- [Data supplied]:
***
(* Any deterministic distributed dynamic data structure for $2$-hop neighborhood listing that handles edge insertions and deletions requires $\Omega\left(\frac{n}{\log n}\right)$ amortized rounds.
   Context: Highly dynamic network model: a synchronous network on a fixed set $V$ of $n$ nodes with unique identifiers starts as the empty graph; at the beginning of round $i$ the graph is $G_i=(V,E_i)$, obtained from the previous graph by an adversary inserting and/or deleting an arbitrary (unbounded) set of edges. At the start of each round every node is notified only of the insertions/deletions of edges incident to it; then each node may send a message of $O(\log n)$ bits to each of its current neighbors. A distributed dynamic data structure consists of a local part $DS_v$ at each node $v$; at the end of every round, $DS_v$ may be queried and must answer immediately, without any further communication, either with a correct answer or with $\texttt{inconsistent}$. The amortized round complexity is at most $c$ if for every round $i$, the number of rounds up to round $i$ in which at least one node $v$ has $DS_v$ in an inconsistent state, divided by the total number of topology changes that occurred up to round $i$, is at most $c$. Let $E^{v,2}_i$ be the set of edges of $G_i$ incident to $v$ or to a neighbor of $v$. $2$-hop neighborhood listing: $DS_v$ must respond at the end of round $i$ to a query $\{u,w\}$ with $\texttt{true}$ if $\{u,w\}\in E^{v,2}_i$, $\texttt{false}$ otherwise, or $\texttt{inconsistent}$ (equivalently, membership listing of the 3-vertex path $v-u-w$). *)

theory Defs
  imports Complex_Main
begin

text \<open>The adversary is a sequence of graphs G, G 0 being the empty graph
  and G i the graph of round i (i >= 1).\<close>

definition adversary :: "nat \<Rightarrow> (nat \<Rightarrow> nat set set) \<Rightarrow> bool" where
  "adversary n G \<longleftrightarrow> G 0 = {} \<and>
     (\<forall>i. \<forall>e\<in>G i. \<exists>u w. u < n \<and> w < n \<and> u \<noteq> w \<and> e = {u, w})"

text \<open>A deterministic distributed dynamic data structure: every function takes the identifier
  of the local node first. ds_notify processes the notification (sets of neighbours whose incident
  edge was inserted / deleted), ds_send computes the message (a bit string, or nothing) sent to a
  given current neighbour, ds_recv processes the received messages, ds_query answers a query
  {u,w} locally (None = inconsistent).\<close>

record 's dds =
  ds_init   :: "nat \<Rightarrow> 's"
  ds_notify :: "nat \<Rightarrow> 's \<Rightarrow> nat set \<Rightarrow> nat set \<Rightarrow> 's"
  ds_send   :: "nat \<Rightarrow> 's \<Rightarrow> nat \<Rightarrow> bool list option"
  ds_recv   :: "nat \<Rightarrow> 's \<Rightarrow> (nat \<Rightarrow> bool list option) \<Rightarrow> 's"
  ds_query  :: "nat \<Rightarrow> 's \<Rightarrow> nat \<Rightarrow> nat \<Rightarrow> bool option"

text \<open>State of node v at the end of round i (round 0 = initial state).\<close>

primrec run :: "'s dds \<Rightarrow> (nat \<Rightarrow> nat set set) \<Rightarrow> nat \<Rightarrow> nat \<Rightarrow> 's" where
  "run A G 0 = ds_init A"
| "run A G (Suc i) =
     (let mid = (\<lambda>w. ds_notify A w (run A G i w)
                       {u. {u, w} \<in> G (Suc i) - G i} {u. {u, w} \<in> G i - G (Suc i)})
      in (\<lambda>v. ds_recv A v (mid v)
               (\<lambda>u. if {u, v} \<in> G (Suc i) then ds_send A u (mid u) v else None)))"

definition msg_bounded :: "'s dds \<Rightarrow> nat \<Rightarrow> bool" where
  "msg_bounded A b \<longleftrightarrow> (\<forall>v s u m. ds_send A v s u = Some m \<longrightarrow> length m \<le> b)"

definition twohop :: "nat set set \<Rightarrow> nat \<Rightarrow> nat set set" where
  "twohop E v = {e \<in> E. v \<in> e \<or> (\<exists>u. {v, u} \<in> E \<and> u \<in> e)}"

definition answer :: "'s dds \<Rightarrow> (nat \<Rightarrow> nat set set) \<Rightarrow> nat \<Rightarrow> nat \<Rightarrow> nat \<Rightarrow> nat \<Rightarrow> bool option" where
  "answer A G i v u w = ds_query A v (run A G i v) u w"

definition correct_2hop :: "'s dds \<Rightarrow> nat \<Rightarrow> bool" where
  "correct_2hop A n \<longleftrightarrow> (\<forall>G. adversary n G \<longrightarrow>
     (\<forall>i\<ge>1. \<forall>v<n. \<forall>u<n. \<forall>w<n.
        answer A G i v u w = None \<or> answer A G i v u w = Some ({u, w} \<in> twohop (G i) v)))"

definition inconsistent_round :: "'s dds \<Rightarrow> nat \<Rightarrow> (nat \<Rightarrow> nat set set) \<Rightarrow> nat \<Rightarrow> bool" where
  "inconsistent_round A n G j \<longleftrightarrow> (\<exists>v<n. \<exists>u<n. \<exists>w<n. answer A G j v u w = None)"

definition incons_count :: "'s dds \<Rightarrow> nat \<Rightarrow> (nat \<Rightarrow> nat set set) \<Rightarrow> nat \<Rightarrow> nat" where
  "incons_count A n G i = card {j \<in> {1..i}. inconsistent_round A n G j}"

definition changes :: "(nat \<Rightarrow> nat set set) \<Rightarrow> nat \<Rightarrow> nat" where
  "changes G i = (\<Sum>j\<in>{1..i}. card ((G j - G (j - 1)) \<union> (G (j - 1) - G j)))"

definition amortized_at_most :: "'s dds \<Rightarrow> nat \<Rightarrow> real \<Rightarrow> bool" where
  "amortized_at_most A n c \<longleftrightarrow> (\<forall>G. adversary n G \<longrightarrow>
     (\<forall>i. real (incons_count A n G i) \<le> c * real (changes G i)))"

end

theory Submission
  imports Defs "HOL-Real_Asymp.Real_Asymp"
begin

(*
  The adversary grows a star around the hub 0. The secret leaves S \<subseteq> {k+1, ..., n-1} are
  attached in round 1, and listener l \<in> {1, ..., k} stays isolated until round (l-1)T and is
  attached to the hub in round (l-1)T+1. Until then its state does not depend on S, and during
  the next T rounds it learns nothing but the at most T messages of b bits sent by the hub. A
  consistent answer of the current listener to the queries {0,s} reveals S, so in a consistent
  round S is one of at most k T 2^((b+1)T) decodable sets. If this number is below 2^(n-k-1), some
  S makes all k T rounds inconsistent, while the whole run consists of at most n insertions.
  For k = n/2, b = O(log n) and T = \<Theta>(n / log n) this gives \<Theta>(n^2 / log n) inconsistent
  rounds against n topology changes.
*)

definition hub_step :: "'s dds \<Rightarrow> nat \<Rightarrow> nat set \<Rightarrow> 's \<Rightarrow> bool list option \<Rightarrow> 's" where
  "hub_step A v ins s m = ds_recv A v (ds_notify A v s ins {}) (\<lambda>u. if u = 0 then m else None)"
***
- [Work item]: Without changing a word, write out each entry again.

- [Worked solution]:
(* Any deterministic distributed dynamic data structure for $2$-hop neighborhood listing that handles edge insertions and deletions requires $\Omega\left(\frac{n}{\log n}\right)$ amortized rounds.
   Context: Highly dynamic network model: a synchronous network on a fixed set $V$ of $n$ nodes with unique identifiers starts as the empty graph; at the beginning of round $i$ the graph is $G_i=(V,E_i)$, obtained from the previous graph by an adversary inserting and/or deleting an arbitrary (unbounded) set of edges. At the start of each round every node is notified only of the insertions/deletions of edges incident to it; then each node may send a message of $O(\log n)$ bits to each of its current neighbors. A distributed dynamic data structure consists of a local part $DS_v$ at each node $v$; at the end of every round, $DS_v$ may be queried and must answer immediately, without any further communication, either with a correct answer or with $\texttt{inconsistent}$. The amortized round complexity is at most $c$ if for every round $i$, the number of rounds up to round $i$ in which at least one node $v$ has $DS_v$ in an inconsistent state, divided by the total number of topology changes that occurred up to round $i$, is at most $c$. Let $E^{v,2}_i$ be the set of edges of $G_i$ incident to $v$ or to a neighbor of $v$. $2$-hop neighborhood listing: $DS_v$ must respond at the end of round $i$ to a query $\{u,w\}$ with $\texttt{true}$ if $\{u,w\}\in E^{v,2}_i$, $\texttt{false}$ otherwise, or $\texttt{inconsistent}$ (equivalently, membership listing of the 3-vertex path $v-u-w$). *)

theory Defs
  imports Complex_Main
begin

text \<open>The adversary is a sequence of graphs G, G 0 being the empty graph
  and G i the graph of round i (i >= 1).\<close>

definition adversary :: "nat \<Rightarrow> (nat \<Rightarrow> nat set set) \<Rightarrow> bool" where
  "adversary n G \<longleftrightarrow> G 0 = {} \<and>
     (\<forall>i. \<forall>e\<in>G i. \<exists>u w. u < n \<and> w < n \<and> u \<noteq> w \<and> e = {u, w})"

text \<open>A deterministic distributed dynamic data structure: every function takes the identifier
  of the local node first. ds_notify processes the notification (sets of neighbours whose incident
  edge was inserted / deleted), ds_send computes the message (a bit string, or nothing) sent to a
  given current neighbour, ds_recv processes the received messages, ds_query answers a query
  {u,w} locally (None = inconsistent).\<close>

record 's dds =
  ds_init   :: "nat \<Rightarrow> 's"
  ds_notify :: "nat \<Rightarrow> 's \<Rightarrow> nat set \<Rightarrow> nat set \<Rightarrow> 's"
  ds_send   :: "nat \<Rightarrow> 's \<Rightarrow> nat \<Rightarrow> bool list option"
  ds_recv   :: "nat \<Rightarrow> 's \<Rightarrow> (nat \<Rightarrow> bool list option) \<Rightarrow> 's"
  ds_query  :: "nat \<Rightarrow> 's \<Rightarrow> nat \<Rightarrow> nat \<Rightarrow> bool option"

text \<open>State of node v at the end of round i (round 0 = initial state).\<close>

primrec run :: "'s dds \<Rightarrow> (nat \<Rightarrow> nat set set) \<Rightarrow> nat \<Rightarrow> nat \<Rightarrow> 's" where
  "run A G 0 = ds_init A"
| "run A G (Suc i) =
     (let mid = (\<lambda>w. ds_notify A w (run A G i w)
                       {u. {u, w} \<in> G (Suc i) - G i} {u. {u, w} \<in> G i - G (Suc i)})
      in (\<lambda>v. ds_recv A v (mid v)
               (\<lambda>u. if {u, v} \<in> G (Suc i) then ds_send A u (mid u) v else None)))"

definition msg_bounded :: "'s dds \<Rightarrow> nat \<Rightarrow> bool" where
  "msg_bounded A b \<longleftrightarrow> (\<forall>v s u m. ds_send A v s u = Some m \<longrightarrow> length m \<le> b)"

definition twohop :: "nat set set \<Rightarrow> nat \<Rightarrow> nat set set" where
  "twohop E v = {e \<in> E. v \<in> e \<or> (\<exists>u. {v, u} \<in> E \<and> u \<in> e)}"

definition answer :: "'s dds \<Rightarrow> (nat \<Rightarrow> nat set set) \<Rightarrow> nat \<Rightarrow> nat \<Rightarrow> nat \<Rightarrow> nat \<Rightarrow> bool option" where
  "answer A G i v u w = ds_query A v (run A G i v) u w"

definition correct_2hop :: "'s dds \<Rightarrow> nat \<Rightarrow> bool" where
  "correct_2hop A n \<longleftrightarrow> (\<forall>G. adversary n G \<longrightarrow>
     (\<forall>i\<ge>1. \<forall>v<n. \<forall>u<n. \<forall>w<n.
        answer A G i v u w = None \<or> answer A G i v u w = Some ({u, w} \<in> twohop (G i) v)))"

definition inconsistent_round :: "'s dds \<Rightarrow> nat \<Rightarrow> (nat \<Rightarrow> nat set set) \<Rightarrow> nat \<Rightarrow> bool" where
  "inconsistent_round A n G j \<longleftrightarrow> (\<exists>v<n. \<exists>u<n. \<exists>w<n. answer A G j v u w = None)"

definition incons_count :: "'s dds \<Rightarrow> nat \<Rightarrow> (nat \<Rightarrow> nat set set) \<Rightarrow> nat \<Rightarrow> nat" where
  "incons_count A n G i = card {j \<in> {1..i}. inconsistent_round A n G j}"

definition changes :: "(nat \<Rightarrow> nat set set) \<Rightarrow> nat \<Rightarrow> nat" where
  "changes G i = (\<Sum>j\<in>{1..i}. card ((G j - G (j - 1)) \<union> (G (j - 1) - G j)))"

definition amortized_at_most :: "'s dds \<Rightarrow> nat \<Rightarrow> real \<Rightarrow> bool" where
  "amortized_at_most A n c \<longleftrightarrow> (\<forall>G. adversary n G \<longrightarrow>
     (\<forall>i. real (incons_count A n G i) \<le> c * real (changes G i)))"

end

theory Submission
  imports Defs "HOL-Real_Asymp.Real_Asymp"
begin

(*
  The adversary grows a star around the hub 0. The secret leaves S \<subseteq> {k+1, ..., n-1} are
  attached in round 1, and listener l \<in> {1, ..., k} stays isolated until round (l-1)T and is
  attached to the hub in round (l-1)T+1. Until then its state does not depend on S, and during
  the next T rounds it learns nothing but the at most T messages of b bits sent by the hub. A
  consistent answer of the current listener to the queries {0,s} reveals S, so in a consistent
  round S is one of at most k T 2^((b+1)T) decodable sets. If this number is below 2^(n-k-1), some
  S makes all k T rounds inconsistent, while the whole run consists of at most n insertions.
  For k = n/2, b = O(log n) and T = \<Theta>(n / log n) this gives \<Theta>(n^2 / log n) inconsistent
  rounds against n topology changes.
*)

definition hub_step :: "'s dds \<Rightarrow> nat \<Rightarrow> nat set \<Rightarrow> 's \<Rightarrow> bool list option \<Rightarrow> 's" where
  "hub_step A v ins s m = ds_recv A v (ds_notify A v s ins {}) (\<lambda>u. if u = 0 then m else None)"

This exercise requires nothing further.